lemma two_connected_cycle_supergraph:
  assumes "3 \<le> n" "cycle_edges n \<subseteq> E"
  shows "two_connected {..<n} E"
  unfolding two_connected_def
proof (intro conjI allI impI)
  show "2 < card {..<n}" using assms(1) by simp
  fix X assume X: "X \<subseteq> {..<n}" "card X < 2"
  let ?E = "del_verts_E E X"
  have "finite X" using X(1) finite_subset by blast
  obtain w where "X \<subseteq> {w}"
  proof (cases "card X")
    case 0
    then show ?thesis using that \<open>finite X\<close> by simp
  next
    case (Suc m)
    then have "card X = 1" using X(2) by simp
    then show ?thesis using that by (metis card_1_singletonE order_refl)
  qed
  txt \<open>Every remaining vertex reaches the hub 0 (or 1 if 0 is deleted) along the cycle, if
    necessary around the closing edge to avoid the deleted vertex.\<close>
  let ?h = "if 0 \<in> X then 1 else 0"
  have hub: "(adj ?E)\<^sup>*\<^sup>* u ?h" if u: "u \<in> {..<n} - X" for u
  proof (cases "0 \<in> X \<or> u < w \<or> w \<notin> X")
    case True
    have "(adj ?E)\<^sup>*\<^sup>* ?h u"
      by (rule cycle_walk_avoiding[OF assms(2)])
        (use True u \<open>X \<subseteq> {w}\<close>[unfolded subset_singleton_iff] in auto)
    then show ?thesis by (rule adj_rtranclp_sym)
  next
    case False
    then have "w \<in> X" "0 \<notin> X" "\<not> u < w" by simp_all
    moreover have "w \<noteq> 0" "w \<noteq> u" using calculation u by (metis DiffD2)+
    ultimately have "X = {w}" "0 < w" "w < u" using \<open>X \<subseteq> {w}\<close> by auto
    have "(adj ?E)\<^sup>*\<^sup>* u (n - 1)"
      by (rule cycle_walk_avoiding[OF assms(2)]) (use u \<open>w < u\<close> \<open>X = {w}\<close> in auto)
    moreover have "adj ?E (n - 1) 0"
      using cycle_edge_last[of n] assms(2) \<open>0 < w\<close> \<open>w < u\<close> u \<open>X = {w}\<close>
      unfolding adj_def del_verts_E_def by (auto simp: insert_commute)
    ultimately show ?thesis using \<open>0 < w\<close> \<open>X = {w}\<close> by simp
  qed
  have "?h \<in> {..<n} - X" using assms(1) \<open>X \<subseteq> {w}\<close> by auto
  then show "connected_graph ({..<n} - X) ?E" using hub by (rule connected_graphI)
qed

lemma two_connected_imp_connected:
  assumes "two_connected V E"
  shows "connected_graph V E"
proof -
  have "\<forall>X\<subseteq>V. card X < 2 \<longrightarrow> connected_graph (V - X) (del_verts_E E X)"
    using assms unfolding two_connected_def by simp
  from this[rule_format, of "{}"] have "connected_graph V (del_verts_E E {})" by simp
  moreover have "del_verts_E E {} = E" unfolding del_verts_E_def by simp
  ultimately show ?thesis by simp
qed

-=-=-=-=-

WHAT IS REQUIRED:
Please print exactly what appears from the first line of the data through the line with "then show ?thesis using that by", including both of those lines and nothing past them.

ANSWER TO THIS TASK:
lemma two_connected_cycle_supergraph:
  assumes "3 \<le> n" "cycle_edges n \<subseteq> E"
  shows "two_connected {..<n} E"
  unfolding two_connected_def
proof (intro conjI allI impI)
  show "2 < card {..<n}" using assms(1) by simp
  fix X assume X: "X \<subseteq> {..<n}" "card X < 2"
  let ?E = "del_verts_E E X"
  have "finite X" using X(1) finite_subset by blast
  obtain w where "X \<subseteq> {w}"
  proof (cases "card X")
    case 0
    then show ?thesis using that \<open>finite X\<close> by simp
  next
    case (Suc m)
    then have "card X = 1" using X(2) by simp
    then show ?thesis using that by (metis card_1_singletonE order_refl)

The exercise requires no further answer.